START Supplied material

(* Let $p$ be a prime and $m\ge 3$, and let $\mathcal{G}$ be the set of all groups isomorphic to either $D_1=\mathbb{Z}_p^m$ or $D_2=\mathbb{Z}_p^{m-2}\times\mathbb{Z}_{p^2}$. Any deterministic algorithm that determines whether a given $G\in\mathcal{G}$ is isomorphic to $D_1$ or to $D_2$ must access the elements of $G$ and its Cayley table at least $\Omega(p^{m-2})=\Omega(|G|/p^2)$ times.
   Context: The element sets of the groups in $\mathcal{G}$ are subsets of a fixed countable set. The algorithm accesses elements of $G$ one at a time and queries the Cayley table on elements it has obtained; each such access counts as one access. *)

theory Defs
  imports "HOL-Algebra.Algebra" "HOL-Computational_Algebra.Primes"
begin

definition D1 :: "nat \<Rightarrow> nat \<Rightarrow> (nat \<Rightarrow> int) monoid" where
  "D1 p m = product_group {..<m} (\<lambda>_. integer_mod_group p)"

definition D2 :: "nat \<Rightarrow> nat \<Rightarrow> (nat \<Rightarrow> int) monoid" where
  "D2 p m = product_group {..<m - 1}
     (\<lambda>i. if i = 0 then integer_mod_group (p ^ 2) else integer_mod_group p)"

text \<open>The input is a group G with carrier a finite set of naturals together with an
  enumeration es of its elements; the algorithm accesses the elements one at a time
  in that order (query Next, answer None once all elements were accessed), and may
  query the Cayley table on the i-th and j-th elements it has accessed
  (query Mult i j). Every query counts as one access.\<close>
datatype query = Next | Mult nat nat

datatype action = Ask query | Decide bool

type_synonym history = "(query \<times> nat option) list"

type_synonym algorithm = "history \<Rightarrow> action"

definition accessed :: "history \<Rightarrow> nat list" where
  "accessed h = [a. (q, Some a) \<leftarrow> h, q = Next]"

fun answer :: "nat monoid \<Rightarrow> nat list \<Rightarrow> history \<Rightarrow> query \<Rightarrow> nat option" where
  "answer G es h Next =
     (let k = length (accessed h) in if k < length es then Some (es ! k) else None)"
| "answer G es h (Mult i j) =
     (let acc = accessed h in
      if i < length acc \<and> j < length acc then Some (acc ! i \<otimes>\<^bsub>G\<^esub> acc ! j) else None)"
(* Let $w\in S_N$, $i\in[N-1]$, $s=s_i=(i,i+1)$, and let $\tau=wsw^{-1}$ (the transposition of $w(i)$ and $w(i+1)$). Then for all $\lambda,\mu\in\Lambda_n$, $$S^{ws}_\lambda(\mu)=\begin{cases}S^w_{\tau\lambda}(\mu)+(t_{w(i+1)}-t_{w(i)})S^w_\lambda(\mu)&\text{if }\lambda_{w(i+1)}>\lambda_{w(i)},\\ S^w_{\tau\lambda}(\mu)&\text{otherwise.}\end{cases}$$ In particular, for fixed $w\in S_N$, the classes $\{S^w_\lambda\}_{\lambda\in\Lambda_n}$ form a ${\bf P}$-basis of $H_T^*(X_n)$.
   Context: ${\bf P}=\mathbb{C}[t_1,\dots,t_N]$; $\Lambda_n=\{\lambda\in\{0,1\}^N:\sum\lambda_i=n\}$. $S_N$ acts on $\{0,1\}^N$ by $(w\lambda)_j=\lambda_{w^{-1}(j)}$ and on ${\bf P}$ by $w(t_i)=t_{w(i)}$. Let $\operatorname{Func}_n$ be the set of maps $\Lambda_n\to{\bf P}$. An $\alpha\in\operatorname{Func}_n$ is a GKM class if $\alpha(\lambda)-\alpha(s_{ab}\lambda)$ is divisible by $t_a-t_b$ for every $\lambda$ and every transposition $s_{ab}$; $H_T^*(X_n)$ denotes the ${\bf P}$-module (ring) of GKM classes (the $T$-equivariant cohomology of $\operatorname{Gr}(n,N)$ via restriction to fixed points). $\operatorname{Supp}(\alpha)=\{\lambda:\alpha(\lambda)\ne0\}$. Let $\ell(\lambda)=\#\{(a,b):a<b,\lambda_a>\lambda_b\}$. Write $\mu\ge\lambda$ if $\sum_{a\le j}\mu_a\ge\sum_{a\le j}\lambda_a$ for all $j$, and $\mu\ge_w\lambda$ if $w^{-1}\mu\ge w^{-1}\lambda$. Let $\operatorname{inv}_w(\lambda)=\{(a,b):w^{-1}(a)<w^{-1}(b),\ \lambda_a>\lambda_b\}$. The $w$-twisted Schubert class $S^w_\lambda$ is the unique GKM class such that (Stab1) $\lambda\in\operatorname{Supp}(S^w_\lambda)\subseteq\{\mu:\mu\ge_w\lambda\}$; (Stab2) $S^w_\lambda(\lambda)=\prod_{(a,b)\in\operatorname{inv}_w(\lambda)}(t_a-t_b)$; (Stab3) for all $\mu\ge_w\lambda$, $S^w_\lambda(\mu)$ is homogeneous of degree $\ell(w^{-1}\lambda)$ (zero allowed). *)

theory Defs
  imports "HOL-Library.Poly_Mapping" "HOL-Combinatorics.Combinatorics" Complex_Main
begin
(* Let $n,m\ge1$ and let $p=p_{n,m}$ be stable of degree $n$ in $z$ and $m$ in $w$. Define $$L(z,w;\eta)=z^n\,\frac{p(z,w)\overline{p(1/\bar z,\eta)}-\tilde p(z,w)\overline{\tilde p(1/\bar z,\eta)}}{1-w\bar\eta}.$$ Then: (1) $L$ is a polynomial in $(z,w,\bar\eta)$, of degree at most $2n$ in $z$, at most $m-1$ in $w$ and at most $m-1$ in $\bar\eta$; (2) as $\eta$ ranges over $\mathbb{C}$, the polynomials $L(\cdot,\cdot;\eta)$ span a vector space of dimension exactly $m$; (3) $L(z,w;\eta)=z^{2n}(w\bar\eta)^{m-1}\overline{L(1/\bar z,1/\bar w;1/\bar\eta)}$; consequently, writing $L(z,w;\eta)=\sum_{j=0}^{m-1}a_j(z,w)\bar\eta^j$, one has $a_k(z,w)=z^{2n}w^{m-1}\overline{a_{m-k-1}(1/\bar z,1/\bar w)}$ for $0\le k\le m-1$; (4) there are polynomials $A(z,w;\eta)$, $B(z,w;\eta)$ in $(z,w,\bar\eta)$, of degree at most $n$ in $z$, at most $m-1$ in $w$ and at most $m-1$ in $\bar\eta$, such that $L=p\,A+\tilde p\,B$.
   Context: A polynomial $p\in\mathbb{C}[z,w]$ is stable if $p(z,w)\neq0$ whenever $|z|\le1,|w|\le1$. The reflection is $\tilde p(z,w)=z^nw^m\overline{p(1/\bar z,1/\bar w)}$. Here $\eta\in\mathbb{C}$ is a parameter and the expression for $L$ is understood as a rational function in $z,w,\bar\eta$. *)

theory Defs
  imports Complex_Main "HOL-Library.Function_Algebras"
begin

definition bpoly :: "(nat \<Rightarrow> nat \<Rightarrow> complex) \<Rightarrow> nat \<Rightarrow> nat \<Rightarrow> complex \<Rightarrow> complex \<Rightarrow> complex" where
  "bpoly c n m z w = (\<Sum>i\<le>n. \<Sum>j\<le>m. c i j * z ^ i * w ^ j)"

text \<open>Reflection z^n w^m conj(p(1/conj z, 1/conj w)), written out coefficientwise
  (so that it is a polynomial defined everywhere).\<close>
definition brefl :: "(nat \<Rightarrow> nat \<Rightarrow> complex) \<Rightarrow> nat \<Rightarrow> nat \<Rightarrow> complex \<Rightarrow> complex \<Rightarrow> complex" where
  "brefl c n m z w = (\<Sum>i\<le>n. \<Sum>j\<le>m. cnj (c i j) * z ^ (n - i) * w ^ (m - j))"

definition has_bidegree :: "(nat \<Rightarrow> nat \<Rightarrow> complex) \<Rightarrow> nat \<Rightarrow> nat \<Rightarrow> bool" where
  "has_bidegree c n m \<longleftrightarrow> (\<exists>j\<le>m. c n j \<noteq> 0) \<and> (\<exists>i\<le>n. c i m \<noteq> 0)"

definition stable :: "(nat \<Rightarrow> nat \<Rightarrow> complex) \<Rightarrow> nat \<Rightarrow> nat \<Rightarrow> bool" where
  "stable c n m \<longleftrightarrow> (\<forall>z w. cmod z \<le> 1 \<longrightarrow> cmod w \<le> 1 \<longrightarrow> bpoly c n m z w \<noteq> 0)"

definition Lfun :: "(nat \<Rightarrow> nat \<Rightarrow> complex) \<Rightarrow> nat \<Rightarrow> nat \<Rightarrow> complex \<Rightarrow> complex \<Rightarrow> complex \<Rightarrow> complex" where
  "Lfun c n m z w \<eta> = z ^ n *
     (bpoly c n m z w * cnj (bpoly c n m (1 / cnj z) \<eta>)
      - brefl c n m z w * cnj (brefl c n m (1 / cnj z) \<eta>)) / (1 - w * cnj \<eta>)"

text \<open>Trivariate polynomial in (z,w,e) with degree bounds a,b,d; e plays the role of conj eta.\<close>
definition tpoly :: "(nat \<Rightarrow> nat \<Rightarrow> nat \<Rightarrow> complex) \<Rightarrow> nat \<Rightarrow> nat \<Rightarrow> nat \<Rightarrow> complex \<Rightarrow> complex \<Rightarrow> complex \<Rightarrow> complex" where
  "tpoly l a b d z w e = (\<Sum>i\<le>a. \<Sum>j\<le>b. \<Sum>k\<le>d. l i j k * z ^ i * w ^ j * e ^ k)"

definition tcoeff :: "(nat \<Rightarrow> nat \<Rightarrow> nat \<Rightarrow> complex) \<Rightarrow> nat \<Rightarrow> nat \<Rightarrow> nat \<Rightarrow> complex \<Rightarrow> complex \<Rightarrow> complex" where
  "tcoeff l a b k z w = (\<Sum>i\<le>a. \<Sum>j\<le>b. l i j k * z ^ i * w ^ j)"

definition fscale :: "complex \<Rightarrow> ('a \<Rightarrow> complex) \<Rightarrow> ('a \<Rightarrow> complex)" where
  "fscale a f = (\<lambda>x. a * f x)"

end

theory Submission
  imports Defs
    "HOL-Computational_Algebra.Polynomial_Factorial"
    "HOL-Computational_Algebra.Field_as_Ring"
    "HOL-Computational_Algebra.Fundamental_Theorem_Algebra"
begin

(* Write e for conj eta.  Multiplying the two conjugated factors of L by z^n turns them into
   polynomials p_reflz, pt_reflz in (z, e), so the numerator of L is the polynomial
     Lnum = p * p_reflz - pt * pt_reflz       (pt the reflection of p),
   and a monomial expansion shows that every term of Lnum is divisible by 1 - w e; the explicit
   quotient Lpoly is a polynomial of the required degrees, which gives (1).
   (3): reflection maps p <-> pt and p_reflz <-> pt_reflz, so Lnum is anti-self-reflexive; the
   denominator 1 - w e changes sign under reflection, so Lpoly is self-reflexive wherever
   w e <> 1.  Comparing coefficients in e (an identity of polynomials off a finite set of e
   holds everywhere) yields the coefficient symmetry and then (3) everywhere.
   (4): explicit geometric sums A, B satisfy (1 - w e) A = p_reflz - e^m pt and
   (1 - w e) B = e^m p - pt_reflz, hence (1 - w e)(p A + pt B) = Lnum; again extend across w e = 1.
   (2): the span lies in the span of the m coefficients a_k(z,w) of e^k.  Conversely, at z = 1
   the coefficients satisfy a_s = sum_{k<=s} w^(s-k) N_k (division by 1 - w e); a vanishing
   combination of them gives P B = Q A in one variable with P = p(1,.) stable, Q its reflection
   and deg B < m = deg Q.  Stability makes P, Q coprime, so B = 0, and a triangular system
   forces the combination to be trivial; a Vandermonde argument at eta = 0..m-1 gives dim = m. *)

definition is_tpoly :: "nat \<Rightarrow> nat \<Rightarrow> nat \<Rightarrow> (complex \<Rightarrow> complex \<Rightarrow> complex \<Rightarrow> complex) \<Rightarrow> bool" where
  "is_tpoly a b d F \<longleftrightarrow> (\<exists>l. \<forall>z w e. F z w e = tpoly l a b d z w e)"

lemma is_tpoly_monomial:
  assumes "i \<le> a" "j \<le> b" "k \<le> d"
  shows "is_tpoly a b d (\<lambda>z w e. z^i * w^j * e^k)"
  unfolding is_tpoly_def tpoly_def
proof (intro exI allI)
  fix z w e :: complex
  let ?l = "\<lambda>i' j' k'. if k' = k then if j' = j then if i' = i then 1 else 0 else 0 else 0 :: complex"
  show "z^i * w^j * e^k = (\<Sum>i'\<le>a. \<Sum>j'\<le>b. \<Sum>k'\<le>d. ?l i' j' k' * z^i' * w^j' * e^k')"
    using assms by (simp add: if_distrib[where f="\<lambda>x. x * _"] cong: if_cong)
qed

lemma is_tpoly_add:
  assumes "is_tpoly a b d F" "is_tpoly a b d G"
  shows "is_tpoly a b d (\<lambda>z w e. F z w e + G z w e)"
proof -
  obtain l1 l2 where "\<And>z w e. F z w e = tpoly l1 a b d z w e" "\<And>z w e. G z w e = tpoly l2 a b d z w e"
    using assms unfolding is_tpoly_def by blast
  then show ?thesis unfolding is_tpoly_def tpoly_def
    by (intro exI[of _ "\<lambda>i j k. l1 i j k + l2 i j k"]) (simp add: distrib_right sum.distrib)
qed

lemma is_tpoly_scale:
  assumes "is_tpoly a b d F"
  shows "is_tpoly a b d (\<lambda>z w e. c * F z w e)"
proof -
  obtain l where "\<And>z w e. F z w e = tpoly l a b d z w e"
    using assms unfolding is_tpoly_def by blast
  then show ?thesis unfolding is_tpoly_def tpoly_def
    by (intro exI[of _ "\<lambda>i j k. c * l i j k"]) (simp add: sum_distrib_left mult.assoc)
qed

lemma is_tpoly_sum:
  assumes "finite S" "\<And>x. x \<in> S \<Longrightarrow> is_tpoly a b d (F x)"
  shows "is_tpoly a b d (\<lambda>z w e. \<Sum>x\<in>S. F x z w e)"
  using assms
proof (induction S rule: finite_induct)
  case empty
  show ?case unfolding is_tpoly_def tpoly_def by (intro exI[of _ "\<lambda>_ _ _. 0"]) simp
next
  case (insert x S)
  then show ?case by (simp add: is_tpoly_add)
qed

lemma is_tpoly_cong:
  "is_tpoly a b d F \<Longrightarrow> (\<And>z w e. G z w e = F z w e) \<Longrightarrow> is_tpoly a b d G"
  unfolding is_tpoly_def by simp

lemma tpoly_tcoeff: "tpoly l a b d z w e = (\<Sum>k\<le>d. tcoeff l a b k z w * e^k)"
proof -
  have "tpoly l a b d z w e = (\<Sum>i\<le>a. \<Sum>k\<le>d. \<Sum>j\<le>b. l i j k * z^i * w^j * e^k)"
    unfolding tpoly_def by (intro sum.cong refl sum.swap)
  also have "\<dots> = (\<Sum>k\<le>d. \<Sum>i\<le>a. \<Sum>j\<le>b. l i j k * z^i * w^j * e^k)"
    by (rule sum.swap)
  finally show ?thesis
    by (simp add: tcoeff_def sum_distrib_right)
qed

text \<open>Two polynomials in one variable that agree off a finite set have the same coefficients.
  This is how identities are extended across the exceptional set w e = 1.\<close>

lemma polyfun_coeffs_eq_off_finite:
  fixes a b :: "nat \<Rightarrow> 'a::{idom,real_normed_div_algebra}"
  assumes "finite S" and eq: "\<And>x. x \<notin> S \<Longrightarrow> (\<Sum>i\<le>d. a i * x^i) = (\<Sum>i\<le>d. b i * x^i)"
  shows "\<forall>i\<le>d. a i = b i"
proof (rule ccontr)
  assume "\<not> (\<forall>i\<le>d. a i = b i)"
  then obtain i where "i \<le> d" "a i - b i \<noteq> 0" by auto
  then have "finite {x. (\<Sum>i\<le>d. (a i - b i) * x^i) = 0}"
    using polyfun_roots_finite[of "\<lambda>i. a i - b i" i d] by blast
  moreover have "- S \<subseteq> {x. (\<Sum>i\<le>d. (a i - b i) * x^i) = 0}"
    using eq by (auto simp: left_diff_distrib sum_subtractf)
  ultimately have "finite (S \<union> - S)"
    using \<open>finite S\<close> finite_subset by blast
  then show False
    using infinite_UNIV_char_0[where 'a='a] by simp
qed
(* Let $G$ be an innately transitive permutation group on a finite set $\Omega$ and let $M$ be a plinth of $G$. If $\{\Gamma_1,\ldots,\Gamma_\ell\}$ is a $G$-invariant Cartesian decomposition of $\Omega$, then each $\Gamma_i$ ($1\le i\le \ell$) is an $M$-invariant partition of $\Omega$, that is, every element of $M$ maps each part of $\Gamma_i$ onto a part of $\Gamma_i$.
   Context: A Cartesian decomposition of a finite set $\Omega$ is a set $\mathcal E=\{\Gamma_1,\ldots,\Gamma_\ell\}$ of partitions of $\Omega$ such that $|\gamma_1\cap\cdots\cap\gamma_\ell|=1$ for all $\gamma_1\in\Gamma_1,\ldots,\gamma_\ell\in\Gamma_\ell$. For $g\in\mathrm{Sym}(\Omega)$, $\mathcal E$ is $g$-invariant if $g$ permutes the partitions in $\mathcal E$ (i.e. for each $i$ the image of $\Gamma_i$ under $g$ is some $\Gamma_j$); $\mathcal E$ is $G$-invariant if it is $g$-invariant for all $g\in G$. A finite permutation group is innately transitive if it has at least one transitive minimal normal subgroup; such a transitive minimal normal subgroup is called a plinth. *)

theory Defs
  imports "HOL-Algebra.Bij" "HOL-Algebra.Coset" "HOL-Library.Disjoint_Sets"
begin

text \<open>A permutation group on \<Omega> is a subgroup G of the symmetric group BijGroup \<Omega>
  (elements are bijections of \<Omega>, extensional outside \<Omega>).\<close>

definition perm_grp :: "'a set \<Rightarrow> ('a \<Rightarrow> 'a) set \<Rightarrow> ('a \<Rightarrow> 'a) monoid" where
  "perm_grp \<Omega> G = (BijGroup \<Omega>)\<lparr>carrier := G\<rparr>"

END Supplied material

Assignment -> Please work out how many lines in the material contain the word "list" and state only that number.

Exercise solution -> 3